--- DATA FOR THIS TASK Enclosed Below ---

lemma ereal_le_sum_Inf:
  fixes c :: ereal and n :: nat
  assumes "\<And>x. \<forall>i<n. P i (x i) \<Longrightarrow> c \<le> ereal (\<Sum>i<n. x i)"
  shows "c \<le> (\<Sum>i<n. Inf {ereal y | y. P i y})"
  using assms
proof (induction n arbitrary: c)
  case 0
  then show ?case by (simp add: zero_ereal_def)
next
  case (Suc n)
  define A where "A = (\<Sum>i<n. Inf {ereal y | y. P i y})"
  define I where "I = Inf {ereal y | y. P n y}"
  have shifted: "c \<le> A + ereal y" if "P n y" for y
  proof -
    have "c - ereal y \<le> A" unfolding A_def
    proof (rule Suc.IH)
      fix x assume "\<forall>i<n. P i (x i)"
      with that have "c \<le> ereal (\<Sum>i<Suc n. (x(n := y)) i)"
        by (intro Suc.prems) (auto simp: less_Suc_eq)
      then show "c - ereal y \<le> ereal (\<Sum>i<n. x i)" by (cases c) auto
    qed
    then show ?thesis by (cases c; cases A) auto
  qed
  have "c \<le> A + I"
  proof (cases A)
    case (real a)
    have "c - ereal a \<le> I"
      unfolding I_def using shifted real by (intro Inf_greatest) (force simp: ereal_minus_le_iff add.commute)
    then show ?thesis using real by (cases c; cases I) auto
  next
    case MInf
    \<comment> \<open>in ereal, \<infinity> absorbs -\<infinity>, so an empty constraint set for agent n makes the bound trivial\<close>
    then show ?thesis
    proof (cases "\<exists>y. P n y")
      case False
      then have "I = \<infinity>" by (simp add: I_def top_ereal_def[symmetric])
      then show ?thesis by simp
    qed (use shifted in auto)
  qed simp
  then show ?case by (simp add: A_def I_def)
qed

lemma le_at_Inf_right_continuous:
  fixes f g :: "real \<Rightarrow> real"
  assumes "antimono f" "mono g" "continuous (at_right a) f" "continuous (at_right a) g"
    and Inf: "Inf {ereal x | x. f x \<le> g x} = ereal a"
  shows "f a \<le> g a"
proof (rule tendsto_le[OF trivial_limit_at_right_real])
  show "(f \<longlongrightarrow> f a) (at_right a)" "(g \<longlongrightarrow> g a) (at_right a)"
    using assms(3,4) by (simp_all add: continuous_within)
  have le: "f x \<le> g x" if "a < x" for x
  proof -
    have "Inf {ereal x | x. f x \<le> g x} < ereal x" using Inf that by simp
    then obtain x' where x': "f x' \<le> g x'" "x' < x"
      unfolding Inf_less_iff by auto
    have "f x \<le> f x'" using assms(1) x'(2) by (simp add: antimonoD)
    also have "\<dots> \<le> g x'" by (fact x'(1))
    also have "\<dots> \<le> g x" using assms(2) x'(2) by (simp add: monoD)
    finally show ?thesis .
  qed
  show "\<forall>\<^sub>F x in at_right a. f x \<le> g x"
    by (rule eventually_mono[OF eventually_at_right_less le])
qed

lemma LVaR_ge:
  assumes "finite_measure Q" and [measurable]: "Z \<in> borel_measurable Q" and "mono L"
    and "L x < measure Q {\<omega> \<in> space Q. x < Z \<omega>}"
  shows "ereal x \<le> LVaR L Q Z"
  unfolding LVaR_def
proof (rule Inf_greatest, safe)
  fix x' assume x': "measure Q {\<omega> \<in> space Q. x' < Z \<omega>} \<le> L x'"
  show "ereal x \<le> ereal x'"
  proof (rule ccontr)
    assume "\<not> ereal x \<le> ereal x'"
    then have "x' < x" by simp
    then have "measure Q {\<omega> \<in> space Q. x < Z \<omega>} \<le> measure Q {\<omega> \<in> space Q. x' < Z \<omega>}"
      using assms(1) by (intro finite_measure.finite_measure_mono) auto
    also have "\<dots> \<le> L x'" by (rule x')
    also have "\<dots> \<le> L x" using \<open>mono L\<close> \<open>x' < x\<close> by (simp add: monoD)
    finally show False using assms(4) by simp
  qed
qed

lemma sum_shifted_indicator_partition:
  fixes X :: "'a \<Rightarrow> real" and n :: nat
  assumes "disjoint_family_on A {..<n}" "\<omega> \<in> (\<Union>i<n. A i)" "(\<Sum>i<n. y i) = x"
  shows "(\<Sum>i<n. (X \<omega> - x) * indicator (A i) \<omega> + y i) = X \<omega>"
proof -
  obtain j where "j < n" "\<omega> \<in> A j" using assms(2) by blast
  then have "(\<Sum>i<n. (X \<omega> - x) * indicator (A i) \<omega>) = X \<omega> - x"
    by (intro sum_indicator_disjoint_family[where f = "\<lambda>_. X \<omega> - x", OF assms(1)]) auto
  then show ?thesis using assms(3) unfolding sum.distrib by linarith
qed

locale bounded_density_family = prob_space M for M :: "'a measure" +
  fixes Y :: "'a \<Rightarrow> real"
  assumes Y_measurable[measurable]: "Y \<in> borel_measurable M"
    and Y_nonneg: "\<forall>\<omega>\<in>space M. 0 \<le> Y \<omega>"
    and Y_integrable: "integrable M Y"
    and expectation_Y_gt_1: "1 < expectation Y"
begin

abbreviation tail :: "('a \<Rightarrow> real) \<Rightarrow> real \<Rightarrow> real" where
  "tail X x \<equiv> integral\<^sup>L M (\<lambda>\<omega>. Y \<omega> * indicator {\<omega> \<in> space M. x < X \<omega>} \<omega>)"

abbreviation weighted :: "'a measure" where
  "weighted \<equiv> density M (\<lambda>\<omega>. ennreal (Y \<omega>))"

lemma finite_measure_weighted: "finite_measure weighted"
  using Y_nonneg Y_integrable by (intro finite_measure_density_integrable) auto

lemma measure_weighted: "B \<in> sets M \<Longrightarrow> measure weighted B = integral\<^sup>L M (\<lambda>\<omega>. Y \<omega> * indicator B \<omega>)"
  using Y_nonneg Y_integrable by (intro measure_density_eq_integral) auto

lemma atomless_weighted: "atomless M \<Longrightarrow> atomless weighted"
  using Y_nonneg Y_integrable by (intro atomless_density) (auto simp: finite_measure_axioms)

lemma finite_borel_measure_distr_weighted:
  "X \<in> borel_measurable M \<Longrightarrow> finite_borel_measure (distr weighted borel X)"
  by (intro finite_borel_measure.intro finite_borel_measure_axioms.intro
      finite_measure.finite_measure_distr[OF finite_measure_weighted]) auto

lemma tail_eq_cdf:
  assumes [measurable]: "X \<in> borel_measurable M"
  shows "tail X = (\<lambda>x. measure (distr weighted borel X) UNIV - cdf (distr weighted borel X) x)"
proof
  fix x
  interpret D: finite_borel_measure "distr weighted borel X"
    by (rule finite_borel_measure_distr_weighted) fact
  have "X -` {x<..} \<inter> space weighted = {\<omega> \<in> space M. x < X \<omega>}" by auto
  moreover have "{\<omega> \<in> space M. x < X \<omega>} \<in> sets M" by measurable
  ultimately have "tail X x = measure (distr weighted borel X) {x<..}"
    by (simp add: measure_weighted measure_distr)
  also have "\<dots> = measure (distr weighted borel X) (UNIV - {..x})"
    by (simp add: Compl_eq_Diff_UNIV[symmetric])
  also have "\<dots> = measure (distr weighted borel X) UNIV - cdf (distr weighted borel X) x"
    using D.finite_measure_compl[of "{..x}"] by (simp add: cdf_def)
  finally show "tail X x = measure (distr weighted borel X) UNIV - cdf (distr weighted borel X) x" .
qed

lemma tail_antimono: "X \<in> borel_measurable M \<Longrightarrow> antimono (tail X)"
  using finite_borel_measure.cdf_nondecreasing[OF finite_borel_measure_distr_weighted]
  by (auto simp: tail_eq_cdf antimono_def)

--- End of Enclosed DATA FOR THIS TASK ---

▶ _PROBLEM TO WORK ON_
Please make an exact copy of the lines above from the line with "using assms(3,4) by" through the line with "(A i) \<omega>)", both ends included.

▶ _SOLUTION FOR THIS EXERCISE_
    using assms(3,4) by (simp_all add: continuous_within)
  have le: "f x \<le> g x" if "a < x" for x
  proof -
    have "Inf {ereal x | x. f x \<le> g x} < ereal x" using Inf that by simp
    then obtain x' where x': "f x' \<le> g x'" "x' < x"
      unfolding Inf_less_iff by auto
    have "f x \<le> f x'" using assms(1) x'(2) by (simp add: antimonoD)
    also have "\<dots> \<le> g x'" by (fact x'(1))
    also have "\<dots> \<le> g x" using assms(2) x'(2) by (simp add: monoD)
    finally show ?thesis .
  qed
  show "\<forall>\<^sub>F x in at_right a. f x \<le> g x"
    by (rule eventually_mono[OF eventually_at_right_less le])
qed

lemma LVaR_ge:
  assumes "finite_measure Q" and [measurable]: "Z \<in> borel_measurable Q" and "mono L"
    and "L x < measure Q {\<omega> \<in> space Q. x < Z \<omega>}"
  shows "ereal x \<le> LVaR L Q Z"
  unfolding LVaR_def
proof (rule Inf_greatest, safe)
  fix x' assume x': "measure Q {\<omega> \<in> space Q. x' < Z \<omega>} \<le> L x'"
  show "ereal x \<le> ereal x'"
  proof (rule ccontr)
    assume "\<not> ereal x \<le> ereal x'"
    then have "x' < x" by simp
    then have "measure Q {\<omega> \<in> space Q. x < Z \<omega>} \<le> measure Q {\<omega> \<in> space Q. x' < Z \<omega>}"
      using assms(1) by (intro finite_measure.finite_measure_mono) auto
    also have "\<dots> \<le> L x'" by (rule x')
    also have "\<dots> \<le> L x" using \<open>mono L\<close> \<open>x' < x\<close> by (simp add: monoD)
    finally show False using assms(4) by simp
  qed
qed

lemma sum_shifted_indicator_partition:
  fixes X :: "'a \<Rightarrow> real" and n :: nat
  assumes "disjoint_family_on A {..<n}" "\<omega> \<in> (\<Union>i<n. A i)" "(\<Sum>i<n. y i) = x"
  shows "(\<Sum>i<n. (X \<omega> - x) * indicator (A i) \<omega> + y i) = X \<omega>"
proof -
  obtain j where "j < n" "\<omega> \<in> A j" using assms(2) by blast
  then have "(\<Sum>i<n. (X \<omega> - x) * indicator (A i) \<omega>) = X \<omega> - x"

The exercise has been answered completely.